Bilimin, dayanışmanın ve sınıfsal mücadelenin haklılığının bir kez daha tarihsel olarak doğrulandığı günlerde mesele bizim ne yapacağımız meselesidir.
Günlerdir ilmek ilmek ördüğümüz dayanışmayı tüm yurttaşlar, tüm emekçiler için yaşama geçirmek birincil sorumluluğumuzdur. Dayanışmayı en iyi bilenler emekçiler, ezilenlerdir ve kimseyi geride bırakmayacağımız duygusunu yaygınlaştırmak birbirimizle, emekçilerle olan bağımızı daha da güçlendirecektir.
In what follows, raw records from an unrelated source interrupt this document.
lemma (in prob_space) stop_loss_le_Lindley_step:
  fixes Y S X :: "'a \<Rightarrow> real"
  assumes indY: "indep_var borel Y borel X" and indS: "indep_var borel S borel X"
    and sym: "distr M borel X = distr M borel (\<lambda>\<omega>. - X \<omega>)"
    and le: "stop_loss_le M Y (\<lambda>\<omega>. \<bar>S \<omega>\<bar>)"
  shows "stop_loss_le M (\<lambda>\<omega>. max 0 (Y \<omega> + X \<omega>)) (\<lambda>\<omega>. \<bar>S \<omega> + X \<omega>\<bar>)"
proof (rule stop_loss_le_nonnegI)
  have [measurable]: "X \<in> borel_measurable M" "Y \<in> borel_measurable M" "S \<in> borel_measurable M"
    using indY indS indep_var_distribution_eq by auto
  show "(\<lambda>\<omega>. max 0 (Y \<omega> + X \<omega>)) \<in> borel_measurable M" "(\<lambda>\<omega>. \<bar>S \<omega> + X \<omega>\<bar>) \<in> borel_measurable M"
    by measurable
  fix v :: real
  assume "0 \<le> v"
  then have "(\<integral>\<^sup>+\<omega>. ennreal (max 0 (max 0 (Y \<omega> + X \<omega>) - v)) \<partial>M)
      = (\<integral>\<^sup>+\<omega>. ennreal (max 0 (X \<omega> + Y \<omega> - v)) \<partial>M)"
    by (intro nn_integral_cong) (auto simp: max_def)
  also have "\<dots> = (\<integral>\<^sup>+\<omega>. (\<integral>\<^sup>+\<omega>'. ennreal (max 0 (Y \<omega>' - (v - X \<omega>))) \<partial>M) \<partial>M)"
    by (subst indep_var_nn_integral_iterated[OF indep_var_commute[OF indY],
          where g="\<lambda>x y. ennreal (max 0 (x + y - v))"]) (simp_all add: algebra_simps)
  also have "\<dots> \<le> (\<integral>\<^sup>+\<omega>. (\<integral>\<^sup>+\<omega>'. ennreal (max 0 (\<bar>S \<omega>'\<bar> - (v - X \<omega>))) \<partial>M) \<partial>M)"
    by (rule nn_integral_mono) (rule stop_loss_leD[OF le])
  also have "\<dots> = (\<integral>\<^sup>+\<omega>. ennreal (max 0 (\<bar>S \<omega>\<bar> + X \<omega> - v)) \<partial>M)"
    by (subst indep_var_nn_integral_iterated[OF indep_var_commute[OF indS],
          where g="\<lambda>x s. ennreal (max 0 (\<bar>s\<bar> + x - v))"]) (simp_all add: algebra_simps)
  also have "\<dots> = (\<integral>\<^sup>+\<omega>. (\<integral>\<^sup>+\<omega>'. ennreal (max 0 (\<bar>S \<omega>\<bar> + X \<omega>' - v)) \<partial>M) \<partial>M)"
    by (rule indep_var_nn_integral_iterated[OF indS, where g="\<lambda>s x. ennreal (max 0 (\<bar>s\<bar> + x - v))"]) simp
  also have "\<dots> \<le> (\<integral>\<^sup>+\<omega>. (\<integral>\<^sup>+\<omega>'. ennreal (max 0 (\<bar>S \<omega> + X \<omega>'\<bar> - v)) \<partial>M) \<partial>M)"
    by (intro nn_integral_mono stop_loss_abs_shift_symmetric sym) simp
  also have "\<dots> = (\<integral>\<^sup>+\<omega>. ennreal (max 0 (\<bar>S \<omega> + X \<omega>\<bar> - v)) \<partial>M)"
    by (rule indep_var_nn_integral_iterated[OF indS, where g="\<lambda>s x. ennreal (max 0 (\<bar>s + x\<bar> - v))", symmetric]) simp
  finally show "(\<integral>\<^sup>+\<omega>. ennreal (max 0 (max 0 (Y \<omega> + X \<omega>) - v)) \<partial>M)
      \<le> (\<integral>\<^sup>+\<omega>. ennreal (max 0 (\<bar>S \<omega> + X \<omega>\<bar> - v)) \<partial>M)" .
qed auto
definition same_alignment_set ::
  "'m set \<Rightarrow> 'r set \<Rightarrow> ('r \<Rightarrow> 'm set) \<Rightarrow> ('r \<Rightarrow> 'm set) \<Rightarrow> 'm \<Rightarrow> 'm \<Rightarrow> bool" where
  "same_alignment_set W R D S a b \<longleftrightarrow> a \<in> W \<and> b \<in> W \<and> (a, b) \<in> (align_adj W R D S)\<^sup>*"

definition internal_conflict ::
  "'m set \<Rightarrow> 'r set \<Rightarrow> ('r \<Rightarrow> 'm set) \<Rightarrow> ('r \<Rightarrow> 'm set) \<Rightarrow> 'm \<Rightarrow> 'm \<Rightarrow> bool" where
  "internal_conflict W R D S a b \<longleftrightarrow> in_conflict W R D S a b \<and> same_alignment_set W R D S a b"

definition triangular_interfering ::
  "'m set \<Rightarrow> 'r set \<Rightarrow> ('r \<Rightarrow> 'm set) \<Rightarrow> ('r \<Rightarrow> 'm set) \<Rightarrow> 'm set \<Rightarrow> bool" where
  "triangular_interfering W R D S T \<longleftrightarrow> T \<subseteq> W \<and> card T = 3 \<and>
     (\<exists>j\<in>R. \<exists>k\<in>D j - T. T \<subseteq> interf W D S j k) \<and>
     (\<exists>a\<in>T. \<exists>b\<in>T. in_conflict W R D S a b)"

definition tri_adj ::
  "'m set \<Rightarrow> 'r set \<Rightarrow> ('r \<Rightarrow> 'm set) \<Rightarrow> ('r \<Rightarrow> 'm set) \<Rightarrow> ('m set \<times> 'm set) set" where
  "tri_adj W R D S = {(T1, T2). triangular_interfering W R D S T1 \<and> triangular_interfering W R D S T2 \<and>
     T1 \<noteq> T2 \<and> (\<exists>a b. T1 \<inter> T2 = {a, b} \<and> in_conflict W R D S a b)}"

definition type2_alignment_set ::
  "'m set \<Rightarrow> 'r set \<Rightarrow> ('r \<Rightarrow> 'm set) \<Rightarrow> ('r \<Rightarrow> 'm set) \<Rightarrow> 'm set set \<Rightarrow> bool" where
  "type2_alignment_set W R D S C \<longleftrightarrow>
     (\<exists>T0. triangular_interfering W R D S T0 \<and> C = {T. (T0, T) \<in> (tri_adj W R D S)\<^sup>*})"

definition restr_receivers :: "'m set \<Rightarrow> 'r set \<Rightarrow> ('r \<Rightarrow> 'm set) \<Rightarrow> 'r set" where
  "restr_receivers W' R D = {j \<in> R. D j \<inter> W' \<noteq> {}}"

definition restr_map :: "'m set \<Rightarrow> ('r \<Rightarrow> 'm set) \<Rightarrow> 'r \<Rightarrow> 'm set" where
  "restr_map W' X = (\<lambda>j. X j \<inter> W')"

end

theory Submission
  imports Defs
begin

text \<open>A scalar linear code is valid exactly when every linear dependency among the coding
  vectors of messages outside a receiver's side information has zero coefficient on each
  message that receiver demands. In dimension 3 this makes the vectors of a conflicting
  pair independent and those of an interfering triangle coplanar, so walking through a
  type-2 alignment set keeps every vector in the plane of the first conflicting pair;
  dropping a suitable coordinate yields a valid code of length 2. In dimension 2 the
  vectors along an alignment path are pairwise parallel, while conflicting vectors are
  not, so no internal conflict survives.\<close>

lemma valid_linear_code_iff_kernel:
  "valid_linear_code W R D S L (V :: 'm \<Rightarrow> nat \<Rightarrow> 'f::field) \<longleftrightarrow>
     (\<forall>j\<in>R. \<forall>k\<in>D j. \<forall>w :: 'm \<Rightarrow> 'f. (\<forall>i\<in>S j. w i = 0) \<longrightarrow>
        (\<forall>l<L. (\<Sum>i\<in>W. w i * V i l) = 0) \<longrightarrow> w k = 0)"
  (is "?valid \<longleftrightarrow> ?kernel")
proof
  assume ?valid
  show ?kernel
  proof (intro ballI allI impI)
    fix j k and w :: "'m \<Rightarrow> 'f"
    assume "j \<in> R" "k \<in> D j" and S: "\<forall>i\<in>S j. w i = 0"
      and sums: "\<forall>l<L. (\<Sum>i\<in>W. w i * V i l) = 0"
    then obtain g where g: "\<And>u. g (codeword W L V u) (\<lambda>i. if i \<in> S j then u i else 0) = u k"
      using \<open>?valid\<close> unfolding valid_linear_code_def by blast
    have "codeword W L V w = codeword W L V (\<lambda>_. 0)"
      using sums by (auto simp: codeword_def)
    moreover have "(\<lambda>i. if i \<in> S j then w i else 0) = (\<lambda>i. if i \<in> S j then 0 else 0)"
      using S by auto
    ultimately show "w k = 0"
      using g[of w] g[of "\<lambda>_. 0"] by simp
  qed
next
  assume kernel: ?kernel
  show ?valid
    unfolding valid_linear_code_def
  proof (intro ballI)
    fix j k assume j: "j \<in> R" and k: "k \<in> D j"
    \<comment> \<open>Decode by choosing any message vector consistent with the codeword and the
      side information.\<close>
    let ?consistent = "\<lambda>c s u. codeword W L V u = c \<and> (\<lambda>i. if i \<in> S j then u i else 0) = s"
    have "(SOME u. ?consistent (codeword W L V w) (\<lambda>i. if i \<in> S j then w i else 0) u) k = w k"
      for w :: "'m \<Rightarrow> 'f"
    proof -
      define u
        where "u = (SOME u. ?consistent (codeword W L V w) (\<lambda>i. if i \<in> S j then w i else 0) u)"
      have u: "?consistent (codeword W L V w) (\<lambda>i. if i \<in> S j then w i else 0) u"
        unfolding u_def by (rule someI[where x = w]) simp
      have "w i - u i = 0" if "i \<in> S j" for i
        using fun_cong[OF conjunct2[OF u], of i] that by simp
      moreover have "(\<Sum>i\<in>W. (w i - u i) * V i l) = 0" if "l < L" for l
        using fun_cong[OF conjunct1[OF u], of l] that
        by (simp add: codeword_def left_diff_distrib sum_subtractf)
      ultimately have "w k - u k = 0"
        using kernel[rule_format, OF j k, of "\<lambda>i. w i - u i"] by simp
      then show ?thesis
        by (simp add: u_def)
    qed
    then show "\<exists>g. \<forall>w :: 'm \<Rightarrow> 'f. g (codeword W L V w) (\<lambda>i. if i \<in> S j then w i else 0) = w k"
      by (intro exI[where x = "\<lambda>c s. (SOME u. ?consistent c s u) k"]) simp
  qed
qed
Bizim gücümüz sınıfımızdan aldığımız güçtür. Üretimden gelen gücümüzü kullanmaktır. 155 sayılı ILO Sözleşmesi’nin 19. maddesi ile siyasi iktidar da sınıf mücadelesinin kazanımı olan bu maddeye imza atmıştır.

“Bir İşçi, hayatı ve sağlığı için ciddi bir tehlike oluşturduğuna ve yakında vaki bulacağına haklı gerekçelerle inandığı herhangi bir durumu, derhal bir üstüne rapor eder ve işveren bu durumun giderilmesi için gerekli önlemi alıncaya kadar yaşam ve sağlık için ciddi tehlike oluşturmaya devam eden çalışma alanına işçilerin dönmesini isteyemez.”

İşi durdurma, işten kaçınma hakkımızı, üretimden gelen gücümüzü kullanmak en temel hakkımızdır.

Her geçen gün zayıflayan bir hegemonyanın karşısına, bizim cümlelerimizle, dayanışma ilişkilerimizle, sınıfsal gücümüzle “Başka bir yaşam mümkün!” diyerek çıkmanın tam zamanıdır.